Saved data entries:
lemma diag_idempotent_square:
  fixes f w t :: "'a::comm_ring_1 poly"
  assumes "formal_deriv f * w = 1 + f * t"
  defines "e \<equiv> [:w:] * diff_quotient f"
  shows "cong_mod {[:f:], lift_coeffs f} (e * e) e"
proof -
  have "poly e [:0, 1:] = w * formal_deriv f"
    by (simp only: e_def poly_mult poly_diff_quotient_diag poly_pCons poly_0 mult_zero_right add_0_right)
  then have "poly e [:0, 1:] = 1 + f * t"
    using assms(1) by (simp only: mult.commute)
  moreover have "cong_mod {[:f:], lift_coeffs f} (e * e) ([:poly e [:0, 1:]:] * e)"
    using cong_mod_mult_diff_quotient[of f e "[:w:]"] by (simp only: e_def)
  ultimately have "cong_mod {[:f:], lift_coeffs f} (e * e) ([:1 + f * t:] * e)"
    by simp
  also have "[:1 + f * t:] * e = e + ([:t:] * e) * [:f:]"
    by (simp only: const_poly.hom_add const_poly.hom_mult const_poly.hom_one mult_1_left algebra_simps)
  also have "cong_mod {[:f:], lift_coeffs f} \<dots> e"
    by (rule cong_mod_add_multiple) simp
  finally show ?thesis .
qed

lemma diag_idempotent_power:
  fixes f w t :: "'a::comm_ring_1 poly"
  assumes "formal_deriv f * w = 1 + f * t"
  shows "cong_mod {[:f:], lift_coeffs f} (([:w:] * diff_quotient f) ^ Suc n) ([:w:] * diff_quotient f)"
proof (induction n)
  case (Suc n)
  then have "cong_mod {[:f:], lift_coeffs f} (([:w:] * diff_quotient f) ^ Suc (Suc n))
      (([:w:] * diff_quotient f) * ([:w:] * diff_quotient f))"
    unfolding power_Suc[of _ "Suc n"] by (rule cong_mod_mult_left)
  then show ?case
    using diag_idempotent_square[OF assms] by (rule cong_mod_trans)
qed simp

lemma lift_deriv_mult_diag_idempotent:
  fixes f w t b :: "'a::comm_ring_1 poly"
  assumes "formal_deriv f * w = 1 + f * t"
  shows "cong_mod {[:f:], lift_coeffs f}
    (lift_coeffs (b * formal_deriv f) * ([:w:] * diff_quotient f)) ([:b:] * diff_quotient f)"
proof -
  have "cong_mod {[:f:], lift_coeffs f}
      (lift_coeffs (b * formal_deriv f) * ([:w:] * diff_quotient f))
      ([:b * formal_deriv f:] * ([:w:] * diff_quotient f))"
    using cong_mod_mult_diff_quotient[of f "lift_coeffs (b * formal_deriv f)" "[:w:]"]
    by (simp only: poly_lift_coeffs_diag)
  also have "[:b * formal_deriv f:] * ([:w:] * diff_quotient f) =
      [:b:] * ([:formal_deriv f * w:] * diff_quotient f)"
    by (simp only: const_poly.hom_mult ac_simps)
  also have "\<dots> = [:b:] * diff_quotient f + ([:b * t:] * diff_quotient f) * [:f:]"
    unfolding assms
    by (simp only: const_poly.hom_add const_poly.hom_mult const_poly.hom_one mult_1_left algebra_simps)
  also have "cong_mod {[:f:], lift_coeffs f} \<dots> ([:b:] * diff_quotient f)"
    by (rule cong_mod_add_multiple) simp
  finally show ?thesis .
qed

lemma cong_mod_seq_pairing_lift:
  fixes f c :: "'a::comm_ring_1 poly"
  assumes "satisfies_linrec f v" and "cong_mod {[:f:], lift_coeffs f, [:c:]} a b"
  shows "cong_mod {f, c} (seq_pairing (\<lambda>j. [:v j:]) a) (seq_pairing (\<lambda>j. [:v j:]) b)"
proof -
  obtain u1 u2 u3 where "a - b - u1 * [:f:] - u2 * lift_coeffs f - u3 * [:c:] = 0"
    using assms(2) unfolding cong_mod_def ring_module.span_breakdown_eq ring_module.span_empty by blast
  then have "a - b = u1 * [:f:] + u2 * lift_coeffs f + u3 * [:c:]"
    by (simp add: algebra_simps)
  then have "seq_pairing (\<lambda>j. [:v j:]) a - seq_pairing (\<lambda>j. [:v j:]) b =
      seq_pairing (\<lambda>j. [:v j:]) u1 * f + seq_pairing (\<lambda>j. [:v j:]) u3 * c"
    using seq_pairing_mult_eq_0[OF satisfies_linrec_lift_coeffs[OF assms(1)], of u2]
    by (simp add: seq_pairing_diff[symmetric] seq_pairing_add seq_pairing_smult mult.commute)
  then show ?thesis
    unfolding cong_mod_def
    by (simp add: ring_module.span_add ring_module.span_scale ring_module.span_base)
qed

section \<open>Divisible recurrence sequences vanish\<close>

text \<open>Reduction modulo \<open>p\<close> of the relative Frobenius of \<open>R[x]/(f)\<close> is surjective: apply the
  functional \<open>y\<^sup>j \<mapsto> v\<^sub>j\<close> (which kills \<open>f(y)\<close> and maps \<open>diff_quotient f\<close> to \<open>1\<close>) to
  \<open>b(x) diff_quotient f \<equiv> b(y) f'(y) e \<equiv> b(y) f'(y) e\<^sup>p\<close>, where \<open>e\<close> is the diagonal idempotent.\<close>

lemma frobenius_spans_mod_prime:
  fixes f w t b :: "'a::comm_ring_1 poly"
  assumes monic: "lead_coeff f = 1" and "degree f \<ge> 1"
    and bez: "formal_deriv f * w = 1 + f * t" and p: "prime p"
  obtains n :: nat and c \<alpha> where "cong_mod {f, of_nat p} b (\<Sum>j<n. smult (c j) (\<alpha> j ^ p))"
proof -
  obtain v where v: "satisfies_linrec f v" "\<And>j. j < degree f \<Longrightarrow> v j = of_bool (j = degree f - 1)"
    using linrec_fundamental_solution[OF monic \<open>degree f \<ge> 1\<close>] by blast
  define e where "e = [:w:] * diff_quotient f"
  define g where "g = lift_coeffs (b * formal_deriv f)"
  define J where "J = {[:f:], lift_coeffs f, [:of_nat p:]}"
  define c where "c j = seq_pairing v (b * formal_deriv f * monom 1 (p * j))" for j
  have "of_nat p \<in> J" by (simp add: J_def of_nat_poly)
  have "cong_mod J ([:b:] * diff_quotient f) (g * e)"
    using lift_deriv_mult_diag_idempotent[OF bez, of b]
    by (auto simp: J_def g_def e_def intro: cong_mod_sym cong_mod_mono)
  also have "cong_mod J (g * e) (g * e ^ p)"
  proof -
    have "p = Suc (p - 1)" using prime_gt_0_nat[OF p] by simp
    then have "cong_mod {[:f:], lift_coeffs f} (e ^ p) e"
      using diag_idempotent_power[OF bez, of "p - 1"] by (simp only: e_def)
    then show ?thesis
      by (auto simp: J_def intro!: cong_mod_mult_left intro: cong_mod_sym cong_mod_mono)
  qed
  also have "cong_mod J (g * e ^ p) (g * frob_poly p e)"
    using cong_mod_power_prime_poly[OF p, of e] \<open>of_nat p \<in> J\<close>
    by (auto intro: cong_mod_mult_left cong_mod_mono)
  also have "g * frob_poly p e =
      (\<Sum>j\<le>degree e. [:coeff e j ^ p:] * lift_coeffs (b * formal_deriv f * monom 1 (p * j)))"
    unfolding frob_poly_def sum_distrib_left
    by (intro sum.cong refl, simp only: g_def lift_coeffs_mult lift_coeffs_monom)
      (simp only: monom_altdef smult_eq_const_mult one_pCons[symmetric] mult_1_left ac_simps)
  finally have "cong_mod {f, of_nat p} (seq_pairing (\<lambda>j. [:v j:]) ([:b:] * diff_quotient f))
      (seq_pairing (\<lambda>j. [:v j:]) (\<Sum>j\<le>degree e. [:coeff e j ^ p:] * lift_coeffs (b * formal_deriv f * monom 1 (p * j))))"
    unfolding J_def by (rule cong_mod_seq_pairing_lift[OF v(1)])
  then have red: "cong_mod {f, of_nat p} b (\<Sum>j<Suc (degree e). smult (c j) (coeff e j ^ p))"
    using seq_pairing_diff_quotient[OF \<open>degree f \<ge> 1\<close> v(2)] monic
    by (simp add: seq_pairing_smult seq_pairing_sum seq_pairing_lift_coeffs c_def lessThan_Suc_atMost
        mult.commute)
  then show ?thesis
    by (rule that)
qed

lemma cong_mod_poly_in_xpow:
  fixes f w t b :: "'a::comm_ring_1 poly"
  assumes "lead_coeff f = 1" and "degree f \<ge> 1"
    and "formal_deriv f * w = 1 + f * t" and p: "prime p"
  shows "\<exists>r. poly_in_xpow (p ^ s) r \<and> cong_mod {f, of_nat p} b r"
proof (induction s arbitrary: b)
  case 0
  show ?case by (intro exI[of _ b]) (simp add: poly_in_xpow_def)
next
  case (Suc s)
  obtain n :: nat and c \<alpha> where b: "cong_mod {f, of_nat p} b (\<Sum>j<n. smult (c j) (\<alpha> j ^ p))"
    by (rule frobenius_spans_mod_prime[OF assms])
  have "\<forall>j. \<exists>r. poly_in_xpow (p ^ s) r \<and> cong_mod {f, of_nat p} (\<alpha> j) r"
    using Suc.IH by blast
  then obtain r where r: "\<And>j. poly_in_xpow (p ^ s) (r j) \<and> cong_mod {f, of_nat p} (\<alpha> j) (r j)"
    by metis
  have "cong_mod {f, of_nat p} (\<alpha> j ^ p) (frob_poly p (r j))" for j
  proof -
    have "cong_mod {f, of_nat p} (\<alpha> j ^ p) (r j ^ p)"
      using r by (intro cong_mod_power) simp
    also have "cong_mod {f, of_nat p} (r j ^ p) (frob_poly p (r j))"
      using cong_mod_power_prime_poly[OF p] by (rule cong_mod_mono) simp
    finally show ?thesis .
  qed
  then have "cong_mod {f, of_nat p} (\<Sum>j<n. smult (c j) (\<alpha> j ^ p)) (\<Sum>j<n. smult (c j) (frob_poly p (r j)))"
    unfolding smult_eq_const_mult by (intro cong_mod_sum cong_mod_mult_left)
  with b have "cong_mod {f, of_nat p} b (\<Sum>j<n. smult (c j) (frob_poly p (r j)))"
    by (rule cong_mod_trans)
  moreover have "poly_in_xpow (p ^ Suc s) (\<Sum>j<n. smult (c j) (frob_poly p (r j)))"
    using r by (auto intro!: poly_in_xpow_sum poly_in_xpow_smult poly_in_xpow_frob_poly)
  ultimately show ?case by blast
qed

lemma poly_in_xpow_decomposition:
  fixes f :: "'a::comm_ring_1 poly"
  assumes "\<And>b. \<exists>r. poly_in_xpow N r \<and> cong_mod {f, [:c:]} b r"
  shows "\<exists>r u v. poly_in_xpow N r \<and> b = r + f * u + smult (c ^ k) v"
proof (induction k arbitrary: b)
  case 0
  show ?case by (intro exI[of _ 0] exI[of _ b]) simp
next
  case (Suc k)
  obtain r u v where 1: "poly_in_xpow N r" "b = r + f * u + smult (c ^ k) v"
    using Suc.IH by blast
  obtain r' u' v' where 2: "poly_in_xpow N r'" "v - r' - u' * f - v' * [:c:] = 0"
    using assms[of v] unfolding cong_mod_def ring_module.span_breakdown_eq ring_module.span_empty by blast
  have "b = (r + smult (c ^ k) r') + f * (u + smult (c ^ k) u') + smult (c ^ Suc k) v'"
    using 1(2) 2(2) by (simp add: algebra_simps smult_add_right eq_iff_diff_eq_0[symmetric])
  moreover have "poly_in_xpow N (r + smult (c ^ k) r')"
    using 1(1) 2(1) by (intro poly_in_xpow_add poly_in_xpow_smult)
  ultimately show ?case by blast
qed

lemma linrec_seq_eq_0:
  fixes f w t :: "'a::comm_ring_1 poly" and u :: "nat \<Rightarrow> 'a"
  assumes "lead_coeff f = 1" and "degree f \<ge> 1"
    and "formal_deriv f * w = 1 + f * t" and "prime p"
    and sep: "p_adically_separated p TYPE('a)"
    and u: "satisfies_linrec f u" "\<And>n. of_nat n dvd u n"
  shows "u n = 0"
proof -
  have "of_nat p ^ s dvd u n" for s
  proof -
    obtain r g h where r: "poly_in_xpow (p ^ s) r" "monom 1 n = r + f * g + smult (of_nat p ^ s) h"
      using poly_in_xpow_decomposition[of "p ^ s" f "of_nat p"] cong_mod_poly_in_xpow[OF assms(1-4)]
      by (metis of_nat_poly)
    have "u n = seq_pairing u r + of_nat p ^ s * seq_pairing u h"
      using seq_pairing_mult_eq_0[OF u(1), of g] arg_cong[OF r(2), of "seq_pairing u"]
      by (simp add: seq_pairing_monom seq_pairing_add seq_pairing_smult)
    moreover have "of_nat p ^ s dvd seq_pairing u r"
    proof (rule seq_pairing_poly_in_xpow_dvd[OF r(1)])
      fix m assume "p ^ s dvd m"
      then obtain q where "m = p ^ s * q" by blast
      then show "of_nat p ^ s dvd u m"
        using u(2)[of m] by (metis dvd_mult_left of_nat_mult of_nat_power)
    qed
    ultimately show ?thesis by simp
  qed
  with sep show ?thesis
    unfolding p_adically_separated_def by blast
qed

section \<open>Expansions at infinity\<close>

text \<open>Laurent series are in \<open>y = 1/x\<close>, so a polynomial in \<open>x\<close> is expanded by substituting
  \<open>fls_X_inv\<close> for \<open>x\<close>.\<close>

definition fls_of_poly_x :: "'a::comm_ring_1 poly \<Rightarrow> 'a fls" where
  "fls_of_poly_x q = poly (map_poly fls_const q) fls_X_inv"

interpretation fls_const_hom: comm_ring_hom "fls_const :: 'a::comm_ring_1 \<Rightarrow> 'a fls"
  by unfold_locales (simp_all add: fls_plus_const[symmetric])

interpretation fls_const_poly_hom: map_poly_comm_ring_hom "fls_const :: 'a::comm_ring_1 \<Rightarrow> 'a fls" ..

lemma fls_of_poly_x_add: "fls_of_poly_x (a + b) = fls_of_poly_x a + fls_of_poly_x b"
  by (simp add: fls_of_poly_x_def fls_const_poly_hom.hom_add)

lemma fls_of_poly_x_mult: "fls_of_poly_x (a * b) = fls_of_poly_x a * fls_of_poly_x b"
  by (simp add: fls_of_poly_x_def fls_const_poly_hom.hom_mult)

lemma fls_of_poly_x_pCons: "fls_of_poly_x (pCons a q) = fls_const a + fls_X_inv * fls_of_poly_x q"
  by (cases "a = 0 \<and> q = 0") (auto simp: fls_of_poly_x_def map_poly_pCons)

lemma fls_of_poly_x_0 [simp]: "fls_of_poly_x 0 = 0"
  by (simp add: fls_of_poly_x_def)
--
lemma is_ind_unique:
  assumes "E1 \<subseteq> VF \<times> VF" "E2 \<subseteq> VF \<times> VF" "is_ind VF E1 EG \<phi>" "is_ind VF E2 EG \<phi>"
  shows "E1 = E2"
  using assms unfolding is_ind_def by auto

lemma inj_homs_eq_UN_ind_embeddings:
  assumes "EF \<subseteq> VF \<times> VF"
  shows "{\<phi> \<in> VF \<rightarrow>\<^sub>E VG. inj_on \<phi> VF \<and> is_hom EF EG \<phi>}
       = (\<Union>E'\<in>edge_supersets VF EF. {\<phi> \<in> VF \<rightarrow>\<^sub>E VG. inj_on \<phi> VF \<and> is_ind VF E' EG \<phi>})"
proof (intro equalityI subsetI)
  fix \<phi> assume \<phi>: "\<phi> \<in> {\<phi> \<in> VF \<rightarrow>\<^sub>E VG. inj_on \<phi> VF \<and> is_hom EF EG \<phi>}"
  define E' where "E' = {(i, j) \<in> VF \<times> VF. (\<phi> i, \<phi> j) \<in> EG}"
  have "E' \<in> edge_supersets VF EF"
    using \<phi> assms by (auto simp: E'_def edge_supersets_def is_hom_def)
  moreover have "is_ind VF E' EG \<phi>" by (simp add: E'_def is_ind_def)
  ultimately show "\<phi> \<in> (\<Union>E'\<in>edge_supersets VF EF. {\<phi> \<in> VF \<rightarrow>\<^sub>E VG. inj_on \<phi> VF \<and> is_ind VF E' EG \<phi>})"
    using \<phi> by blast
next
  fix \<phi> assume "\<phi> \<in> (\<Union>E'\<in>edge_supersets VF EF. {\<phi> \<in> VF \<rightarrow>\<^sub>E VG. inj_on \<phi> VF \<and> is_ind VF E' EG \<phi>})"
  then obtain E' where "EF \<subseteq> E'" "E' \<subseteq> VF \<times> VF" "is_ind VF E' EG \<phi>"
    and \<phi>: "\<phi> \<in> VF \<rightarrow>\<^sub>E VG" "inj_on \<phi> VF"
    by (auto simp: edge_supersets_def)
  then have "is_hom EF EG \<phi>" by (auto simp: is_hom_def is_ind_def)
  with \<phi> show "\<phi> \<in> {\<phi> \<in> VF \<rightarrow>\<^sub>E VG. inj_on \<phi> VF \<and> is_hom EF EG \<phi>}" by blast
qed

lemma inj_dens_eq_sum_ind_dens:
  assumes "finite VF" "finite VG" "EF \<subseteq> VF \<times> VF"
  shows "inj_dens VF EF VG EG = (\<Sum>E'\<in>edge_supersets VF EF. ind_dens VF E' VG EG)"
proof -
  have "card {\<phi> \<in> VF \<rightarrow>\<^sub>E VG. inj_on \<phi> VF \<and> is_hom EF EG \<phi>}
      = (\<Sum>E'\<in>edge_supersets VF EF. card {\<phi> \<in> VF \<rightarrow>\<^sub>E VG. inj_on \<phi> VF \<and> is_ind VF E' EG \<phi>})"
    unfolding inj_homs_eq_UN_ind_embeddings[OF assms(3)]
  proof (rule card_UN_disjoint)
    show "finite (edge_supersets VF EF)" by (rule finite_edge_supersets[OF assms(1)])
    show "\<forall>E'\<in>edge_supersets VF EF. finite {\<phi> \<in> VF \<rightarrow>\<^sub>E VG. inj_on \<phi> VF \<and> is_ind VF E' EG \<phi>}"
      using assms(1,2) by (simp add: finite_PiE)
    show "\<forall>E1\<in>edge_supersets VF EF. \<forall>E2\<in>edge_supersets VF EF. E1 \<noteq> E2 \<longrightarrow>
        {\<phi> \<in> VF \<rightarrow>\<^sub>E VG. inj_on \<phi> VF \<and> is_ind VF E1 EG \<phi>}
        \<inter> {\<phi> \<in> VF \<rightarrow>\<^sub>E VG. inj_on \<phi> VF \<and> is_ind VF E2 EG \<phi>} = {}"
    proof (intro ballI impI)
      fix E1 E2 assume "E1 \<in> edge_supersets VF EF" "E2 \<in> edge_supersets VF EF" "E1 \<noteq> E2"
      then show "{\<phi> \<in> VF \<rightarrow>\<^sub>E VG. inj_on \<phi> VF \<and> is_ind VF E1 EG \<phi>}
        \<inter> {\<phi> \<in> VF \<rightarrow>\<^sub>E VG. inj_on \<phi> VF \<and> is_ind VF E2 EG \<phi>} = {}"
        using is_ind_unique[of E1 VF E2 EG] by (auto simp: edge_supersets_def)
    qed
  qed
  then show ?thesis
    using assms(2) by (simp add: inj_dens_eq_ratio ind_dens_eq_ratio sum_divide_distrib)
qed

What you will do: From the entries above, restate word for word the lines from the line containing "u v. poly_in_xpow" to the line containing "N (r + smult", both ends included, and nothing more.

Answer area:
  shows "\<exists>r u v. poly_in_xpow N r \<and> b = r + f * u + smult (c ^ k) v"
proof (induction k arbitrary: b)
  case 0
  show ?case by (intro exI[of _ 0] exI[of _ b]) simp
next
  case (Suc k)
  obtain r u v where 1: "poly_in_xpow N r" "b = r + f * u + smult (c ^ k) v"
    using Suc.IH by blast
  obtain r' u' v' where 2: "poly_in_xpow N r'" "v - r' - u' * f - v' * [:c:] = 0"
    using assms[of v] unfolding cong_mod_def ring_module.span_breakdown_eq ring_module.span_empty by blast
  have "b = (r + smult (c ^ k) r') + f * (u + smult (c ^ k) u') + smult (c ^ Suc k) v'"
    using 1(2) 2(2) by (simp add: algebra_simps smult_add_right eq_iff_diff_eq_0[symmetric])
  moreover have "poly_in_xpow N (r + smult (c ^ k) r')"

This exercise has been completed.